Sparce lookup

deployDS · Post by **deployDS** » Thu Aug 17, 2006 12:49 pm

Hi,

I need to do a look up for a dataset that could have a maximum of 50 rows with a DB2 table that could a minimum of 30 million rows.
For each row in dataset, there could be more than one matches from database. I am presently able to accomplish this using Join stage. But it is taking a very long time to pull data from database and do the lookup. I'm using a DB2 API stage as I do not have an enterprise stage.

A collegue suggested that I use a sparce look up through ODBC enterprise stage. But I was wondering if there's a way to get more than one matches from database when using lookup stage. Can anyone please suggest me?

Thanks!

koolnitz · Post by **koolnitz** » Thu Aug 17, 2006 1:32 pm

1. You cannot use a Sparse lookup with DB2 API stage. See this post. I am not sure about ODBC.

2. A lookup can fetch multiple records from lookup table, if you check "Multiple rows returned from link" option in Constraints properties of Lookup stage.

deployDS · Post by **deployDS** » Thu Aug 17, 2006 1:47 pm

Thanks Nithin! I am not trying to use API for sparce lookup. I know I cannot. I was using Join stage with API to fetch records.

Since we don't have enterprise db2, I'm trying to do sparce lookup through ODBC Enterprise stage. And when I use ODBC enterprise and set it for sparce lookup, the "Multiple rows returned from link" becomes disabled.

Any other suggestions?

Krazykoolrohit · Post by **Krazykoolrohit** » Thu Aug 17, 2006 1:47 pm

changing join with lookup will not reduce time considerably.

I suggest that you break up the job into two. in one job just extract the table and perform join and other transformations in the second job.

Alternatively, extract from the table and write to a sequential file stage in the same job (introduce a sequential file between your API stage and the join stage.

deployDS · Post by **deployDS** » Thu Aug 17, 2006 1:59 pm

Thank you Rohit, but isn't 30million-50million too much of data to be extracted to a file, while all I need to do is find matches for about 60 rows?

"changing join with lookup will not reduce time considerably."
I've never worked with sparce lookup before, but won't sparce lookup reduce the time considerably in my case?

Thanks!

DSguru2B · Post by **DSguru2B** » Thu Aug 17, 2006 2:06 pm

Load the 60 records into a temp table and utilize the power of UDB by doing a join at the database level. That would be faster anyday, keeping in mind the network traffic that will be induced if 30M records are to be loaded to a file and then doing a lookup.

deployDS · Post by **deployDS** » Thu Aug 17, 2006 2:26 pm

Thanks DSguru2B, that's a useful suggestion, but I cannot implement it because my target tables reside on a different database from staging tables. I only have access to create tables at staging level, while my lookup table is a target table.

Is there nothing I can do within sparce lookup in ODBC enterprise stage?

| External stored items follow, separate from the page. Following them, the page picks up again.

(* Let $w$ be a word over $\{L,R\}$ and let $u\in\mathcal{L}_w$. Then $u$ is derivable from $w$, i.e. $u$ is a tail of a word obtained from $w$ by finitely many applications of the reduction rules (1), (1'), (2), (2').
   Context: Words are finite strings (including the empty word) over $\{L,R\}$; $|w|$ is the length. A tail of $w$ is any word $v'$ with $w=vv'$ for some word $v$. A word $u$ is derivable from $w$ if it is obtained from $w$ by finitely many successive applications (in any order) of the following rules, where $v,v'$ denote arbitrary words: (1) $vRRv'\Rightarrow vRv'$; (1') $vLLv'\Rightarrow vLv'$; (2) $vLRv'\Rightarrow vv'$; (2') $vRLv'\Rightarrow vv'$ (rules of reduction); (3) $vv'\Rightarrow v'$ (tail formation). For a set $\mathcal{S}$ of words, $\mathcal{S}^L$ (resp. $\mathcal{S}^R$) is the set of words in $\mathcal{S}$ starting with $L$ (resp. $R$), and $L(\mathcal{S})=\{Ls: s\in\mathcal{S}\}$, $R(\mathcal{S})=\{Rs:s\in\mathcal{S}\}$. The language $\mathcal{L}_w$ is defined recursively: if $|w|\le 2$, $\mathcal{L}_w$ is the set of tails of $w$; if $|w|>2$, then $\mathcal{L}_w=\mathcal{L}_{Rw'}\cup L(\mathcal{L}^R_{Rw'})$ when $w=LRw'$; $\mathcal{L}_w=\mathcal{L}_{LLw'}\cup L(\mathcal{L}^L_{LLw'})$ when $w=LLLw'$; $\mathcal{L}_w=\mathcal{L}_{LRw'}\cup L(\mathcal{L}_{LRw'})$ when $w=LLRw'$; and dually (interchanging the letters $L$ and $R$ everywhere) when $w$ starts with $R$. *)

theory Defs
  imports Main
begin

datatype letter = L | R

type_synonym word = "letter list"

definition tails :: "word \<Rightarrow> word set" where
  "tails w = {v'. \<exists>v. w = v @ v'}"

inductive reduce_step :: "word \<Rightarrow> word \<Rightarrow> bool" where
  r1:  "reduce_step (v @ [R, R] @ v') (v @ [R] @ v')"
| r1': "reduce_step (v @ [L, L] @ v') (v @ [L] @ v')"
| r2:  "reduce_step (v @ [L, R] @ v') (v @ v')"
| r2': "reduce_step (v @ [R, L] @ v') (v @ v')"

inductive deriv_step :: "word \<Rightarrow> word \<Rightarrow> bool" where
  red:  "reduce_step w u \<Longrightarrow> deriv_step w u"
| tail: "deriv_step (v @ v') v'"

definition derivable :: "word \<Rightarrow> word \<Rightarrow> bool" where
  "derivable w u \<longleftrightarrow> deriv_step\<^sup>*\<^sup>* w u"

definition startL :: "word set \<Rightarrow> word set" where
  "startL S = {s \<in> S. \<exists>t. s = L # t}"

definition startR :: "word set \<Rightarrow> word set" where
  "startR S = {s \<in> S. \<exists>t. s = R # t}"

definition prefL :: "word set \<Rightarrow> word set" where
  "prefL S = (\<lambda>s. L # s) ` S"

definition prefR :: "word set \<Rightarrow> word set" where
  "prefR S = (\<lambda>s. R # s) ` S"

function lang :: "word \<Rightarrow> word set" where
  "length w \<le> 2 \<Longrightarrow> lang w = tails w"
| "w' \<noteq> [] \<Longrightarrow> lang (L # R # w') = lang (R # w') \<union> prefL (startR (lang (R # w')))"
| "lang (L # L # L # w') = lang (L # L # w') \<union> prefL (startL (lang (L # L # w')))"
| "lang (L # L # R # w') = lang (L # R # w') \<union> prefL (lang (L # R # w'))"
| "w' \<noteq> [] \<Longrightarrow> lang (R # L # w') = lang (L # w') \<union> prefR (startL (lang (L # w')))"
| "lang (R # R # R # w') = lang (R # R # w') \<union> prefR (startR (lang (R # R # w')))"
| "lang (R # R # L # w') = lang (R # L # w') \<union> prefR (lang (R # L # w'))"
proof -
  fix P and x :: word
  assume a1: "\<And>w. length w \<le> 2 \<Longrightarrow> x = w \<Longrightarrow> P"
    and a2: "\<And>w'. w' \<noteq> [] \<Longrightarrow> x = L # R # w' \<Longrightarrow> P"
    and a3: "\<And>w'. x = L # L # L # w' \<Longrightarrow> P"
    and a4: "\<And>w'. x = L # L # R # w' \<Longrightarrow> P"
    and a5: "\<And>w'. w' \<noteq> [] \<Longrightarrow> x = R # L # w' \<Longrightarrow> P"
    and a6: "\<And>w'. x = R # R # R # w' \<Longrightarrow> P"
    and a7: "\<And>w'. x = R # R # L # w' \<Longrightarrow> P"
  show P
  proof (cases "length x \<le> 2")
    case True then show ?thesis using a1 by blast
  next
    case False
    then obtain a b c w' where x: "x = a # b # c # w'"
      by (metis Suc_le_length_iff numeral_2_eq_2 not_less_eq_eq)
    show ?thesis
      using a2[of "c # w'"] a3[of w'] a4[of w'] a5[of "c # w'"] a6[of w'] a7[of w'] x
      by (cases a; cases b; cases c; cases w') auto
  qed
qed auto
termination by (relation "measure length") auto

end

theory Submission
  imports Defs
begin

text \<open>Instead of working with \<^const>\<open>derivable\<close> directly, we show by induction along the
recursion of \<^const>\<open>lang\<close> the more concrete fact that some tail of \<open>w\<close> reduces to \<open>u\<close>. The
induction step only needs that this relation survives prepending letters in the three shapes
occurring in the definition of \<^const>\<open>lang\<close>. That in turn rests on one observation: every word
reduces to a word of length at most one, so whatever lies between two letters can be collapsed,
\<open>b y a t\<close> reducing to \<open>b a t\<close> if \<open>a \<noteq> b\<close> and \<open>a y a t\<close> reducing to \<open>a t\<close>.\<close>

lemma reduce_step_append:
  "reduce_step x x' \<Longrightarrow> reduce_step (p @ x @ q) (p @ x' @ q)"
proof (induction rule: reduce_step.induct)
  case (r1 v v') show ?case using reduce_step.r1[of "p @ v" "v' @ q"] by simp
next
  case (r1' v v') show ?case using reduce_step.r1'[of "p @ v" "v' @ q"] by simp
next
  case (r2 v v') show ?case using reduce_step.r2[of "p @ v" "v' @ q"] by simp
next
  case (r2' v v') show ?case using reduce_step.r2'[of "p @ v" "v' @ q"] by simp
qed

lemma reduces_append:
  "reduce_step\<^sup>*\<^sup>* x x' \<Longrightarrow> reduce_step\<^sup>*\<^sup>* (p @ x @ q) (p @ x' @ q)"
  by (induction rule: rtranclp_induct) (auto intro: reduce_step_append rtranclp.rtrancl_into_rtrancl)

lemma reduce_step_same: "reduce_step (p @ x # x # q) (p @ x # q)"
  using reduce_step.r1[of p q] reduce_step.r1'[of p q] by (cases x) auto

lemma reduce_step_distinct: "x \<noteq> y \<Longrightarrow> reduce_step (p @ x # y # q) (p @ q)"
  using reduce_step.r2[of p q] reduce_step.r2'[of p q] by (cases x; cases y) auto

lemma reduces_to_Nil_or_letter: "reduce_step\<^sup>*\<^sup>* y [] \<or> (\<exists>x. reduce_step\<^sup>*\<^sup>* y [x])"
proof (induction y)
  case Nil
  show ?case by simp
next
  case (Cons a y)
  have reduces_Cons: "reduce_step\<^sup>*\<^sup>* (a # y) (a # c)" if "reduce_step\<^sup>*\<^sup>* y c" for c
    using reduces_append[OF that, of "[a]" "[]"] by simp
  from Cons.IH show ?case
  proof (elim disjE exE)
    assume "reduce_step\<^sup>*\<^sup>* y []"
    then show ?case using reduces_Cons by blast
  next
    fix x
    assume "reduce_step\<^sup>*\<^sup>* y [x]"
    then have to_pair: "reduce_step\<^sup>*\<^sup>* (a # y) [a, x]"
      by (rule reduces_Cons)
    show ?case
    proof (cases "a = x")
      case True
      then have "reduce_step [a, x] [a]"
        using reduce_step_same[of "[]" a "[]"] by simp
      with to_pair have "reduce_step\<^sup>*\<^sup>* (a # y) [a]"
        by (rule rtranclp.rtrancl_into_rtrancl)
      then show ?thesis by blast
    next
      case False
      then have "reduce_step [a, x] []"
        using reduce_step_distinct[of a x "[]" "[]"] by simp
      with to_pair have "reduce_step\<^sup>*\<^sup>* (a # y) []"
        by (rule rtranclp.rtrancl_into_rtrancl)
      then show ?thesis by blast
    qed
  qed
qed

lemma reduces_collapse_middle:
  assumes "reduce_step\<^sup>*\<^sup>* (p @ q) z" and "\<And>x. reduce_step\<^sup>*\<^sup>* (p @ x # q) z"
  shows "reduce_step\<^sup>*\<^sup>* (p @ y @ q) z"
  using reduces_to_Nil_or_letter[of y]
proof (elim disjE exE)
  assume "reduce_step\<^sup>*\<^sup>* y []"
  then show ?thesis
    using rtranclp_trans[OF reduces_append[of y "[]" p q, simplified] assms(1)] by blast
next
  fix x
  assume "reduce_step\<^sup>*\<^sup>* y [x]"
  then show ?thesis
    using rtranclp_trans[OF reduces_append[of y "[x]" p q, simplified] assms(2)] by blast
qed

lemma reduces_between_same: "reduce_step\<^sup>*\<^sup>* (a # y @ a # t) (a # t)"
proof (rule reduces_collapse_middle[where p = "[a]", simplified])
  show "reduce_step\<^sup>*\<^sup>* (a # a # t) (a # t)"
    using reduce_step_same[of "[]" a t] by simp
  show "reduce_step\<^sup>*\<^sup>* (a # x # a # t) (a # t)" for x
  proof (cases "x = a")
    case True
    then show ?thesis
      using reduce_step_same[of "[]" a "a # t"] reduce_step_same[of "[]" a t]
      by (simp add: converse_rtranclp_into_rtranclp)
  next
    case False
    then show ?thesis
      using reduce_step_distinct[of a x "[]" "a # t"] by simp
  qed
qed

lemma reduces_between_distinct:
  assumes "a \<noteq> b"
  shows "reduce_step\<^sup>*\<^sup>* (b # y @ a # t) (b # a # t)"
proof (rule reduces_collapse_middle[where p = "[b]", simplified])
  show "reduce_step\<^sup>*\<^sup>* (b # a # t) (b # a # t)"
    by simp
  show "reduce_step\<^sup>*\<^sup>* (b # x # a # t) (b # a # t)" for x
  proof (cases "x = b")
    case True
    then show ?thesis
      using reduce_step_same[of "[]" b "a # t"] by simp
  next
    case False
    with assms have "x = a"
      by (cases a; cases b; cases x) auto
    then show ?thesis
      using reduce_step_same[of "[b]" a t] by simp
  qed
qed

lemma reduces_double_to_singleton: "reduce_step\<^sup>*\<^sup>* (b # b # y) [b]"
proof (rule reduces_collapse_middle[where p = "[b, b]" and q = "[]", simplified])
  show "reduce_step\<^sup>*\<^sup>* [b, b] [b]"
    using reduce_step_same[of "[]" b "[]"] by simp
  show "reduce_step\<^sup>*\<^sup>* [b, b, x] [b]" for x
  proof (cases "x = b")
    case True
    then show ?thesis
      using reduce_step_same[of "[]" b "[b]"] reduce_step_same[of "[]" b "[]"]
      by (simp add: converse_rtranclp_into_rtranclp)
  next
    case False
    then show ?thesis
      using reduce_step_distinct[of b x "[b]" "[]"] by simp
  qed
qed

definition tail_reduces_to :: "word \<Rightarrow> word \<Rightarrow> bool" where
  "tail_reduces_to w u \<longleftrightarrow> (\<exists>v v'. w = v @ v' \<and> reduce_step\<^sup>*\<^sup>* v' u)"

lemma tail_reduces_to_if_tail: "u \<in> tails w \<Longrightarrow> tail_reduces_to w u"
  by (auto simp: tails_def tail_reduces_to_def)

lemma tail_reduces_to_Cons: "tail_reduces_to w u \<Longrightarrow> tail_reduces_to (a # w) u"
  unfolding tail_reduces_to_def by (metis append_Cons)

lemma tail_reduces_to_Cons_distinct:
  assumes "tail_reduces_to w (a # t)" and "a \<noteq> b"
  shows "tail_reduces_to (b # w) (b # a # t)"
proof -
  from assms(1) obtain v v' where "w = v @ v'" and "reduce_step\<^sup>*\<^sup>* v' (a # t)"
    unfolding tail_reduces_to_def by blast
  then have "reduce_step\<^sup>*\<^sup>* (b # w) (b # v @ a # t)"
    using reduces_append[of v' "a # t" "b # v" "[]"] by simp
  also have "reduce_step\<^sup>*\<^sup>* \<dots> (b # a # t)"
    using reduces_between_distinct[OF assms(2)] .
  finally show ?thesis
    unfolding tail_reduces_to_def by (metis append_Nil)
qed

lemma tail_reduces_to_Cons_same:
  assumes "tail_reduces_to (a # w) (a # t)"
  shows "tail_reduces_to (a # a # w) (a # a # t)"
proof -
  from assms obtain v v' where split: "a # w = v @ v'" and reduces: "reduce_step\<^sup>*\<^sup>* v' (a # t)"
    unfolding tail_reduces_to_def by blast
  have "reduce_step\<^sup>*\<^sup>* (a # a # w) (a # a # t)"
  proof (cases v)
    case Nil
    then show ?thesis
      using split reduces_append[OF reduces, of "[a]" "[]"] by simp
  next
    case (Cons a' y)
    with split have "a # a # w = a # a # y @ v'"
      by simp
    also have "reduce_step\<^sup>*\<^sup>* \<dots> (a # a # y @ a # t)"
      using reduces_append[OF reduces, of "a # a # y" "[]"] by simp
    also have "reduce_step\<^sup>*\<^sup>* \<dots> (a # a # t)"
      using reduces_append[OF reduces_between_same[of a y t], of "[a]" "[]"] by simp
    finally show ?thesis .
  qed
  then show ?thesis
    unfolding tail_reduces_to_def by (metis append_Nil)
qed

lemma tail_reduces_to_double:
  assumes "tail_reduces_to (b # w) s"
  shows "tail_reduces_to (b # b # w) (b # s)"
proof (cases s)
  case Nil
  then show ?thesis
    using reduces_double_to_singleton[of b w] unfolding tail_reduces_to_def by (metis append_Nil)
next
  case (Cons a t)
  then show ?thesis
    using assms tail_reduces_to_Cons_same tail_reduces_to_Cons_distinct by (cases "a = b") auto
qed

lemma derivable_if_tail_reduces_to:
  assumes "tail_reduces_to w u"
  shows "derivable w u"
proof -
  from assms obtain v v' where "w = v @ v'" and reduces: "reduce_step\<^sup>*\<^sup>* v' u"
    unfolding tail_reduces_to_def by blast
  have "deriv_step\<^sup>*\<^sup>* v' u"
    using reduces by (induction rule: rtranclp_induct) (auto intro: deriv_step.red rtranclp.rtrancl_into_rtrancl)
  with \<open>w = v @ v'\<close> show ?thesis
    unfolding derivable_def by (auto intro: converse_rtranclp_into_rtranclp deriv_step.tail)
qed

lemma tail_reduces_to_if_in_lang: "u \<in> lang w \<Longrightarrow> tail_reduces_to w u"
proof (induction w arbitrary: u rule: lang.induct)
  case (1 w)
  then show ?case by (simp add: tail_reduces_to_if_tail)
next
  case (2 w')
  then show ?case
    by (auto simp: prefL_def startR_def intro: tail_reduces_to_Cons tail_reduces_to_Cons_distinct)
next
  case (3 w')
  then show ?case
    by (auto simp: prefL_def startL_def intro: tail_reduces_to_Cons tail_reduces_to_double)
next
  case (4 w')
  then show ?case
    by (auto simp: prefL_def intro: tail_reduces_to_Cons tail_reduces_to_double)
next
  case (5 w')
  then show ?case
    by (auto simp: prefR_def startL_def intro: tail_reduces_to_Cons tail_reduces_to_Cons_distinct)
next
  case (6 w')
  then show ?case
    by (auto simp: prefR_def startR_def intro: tail_reduces_to_Cons tail_reduces_to_double)
next
  case (7 w')
  then show ?case
    by (auto simp: prefR_def intro: tail_reduces_to_Cons tail_reduces_to_double)
qed

theorem mainTheorem9:
  fixes w u :: word
  assumes "u \<in> lang w"
  shows "derivable w u"
  using assms by (intro derivable_if_tail_reduces_to tail_reduces_to_if_in_lang)

end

DSguru2B · Post by **DSguru2B** » Thu Aug 17, 2006 2:45 pm

Why dont you build a lookup set from the 50 records. Have the DB2 table as your input and do a lookup. This way you will get all the records from the table that have a hit on the dataset. I am sure you must have thought of that but whats stopping you from using this method.
I am not very familiar with the ODBC enterprise stage so cannot help you in that.
I know in sql server there is a function which can be used to connect to a different database from one database. Dont know if any such thing exists for Db2. Do some research, i am sure it exists.

chulett · Post by **chulett** » Thu Aug 17, 2006 2:46 pm

deployDS wrote:Thanks DSguru2B, that's a useful suggestion, but I cannot implement it because my target tables reside on a different database from staging tables. I only have access to create tables at staging level, while my lookup table is a target table.

That really shouldn't be an issue. Can you not pull a list of the natural keys from your current staging tables and load them into a work table in the same db as the target tables? Then you can join them properly.

deployDS · Post by **deployDS** » Thu Aug 17, 2006 3:50 pm

My problem is solved. In fact, when using sparce lookup through ODBC enterprise stage, it outputs all the matches my default. I didn't know this and couldn't test till my driver was installed just now. And it is amazingly fast

Chulett, the problem is that I am not allowed to create any work tables in the db where target tables exist.

DSguru2B, yes, I did think of that, but was looking for ways to avoid calling all data from the table.

Thank you all for your responses n suggestions!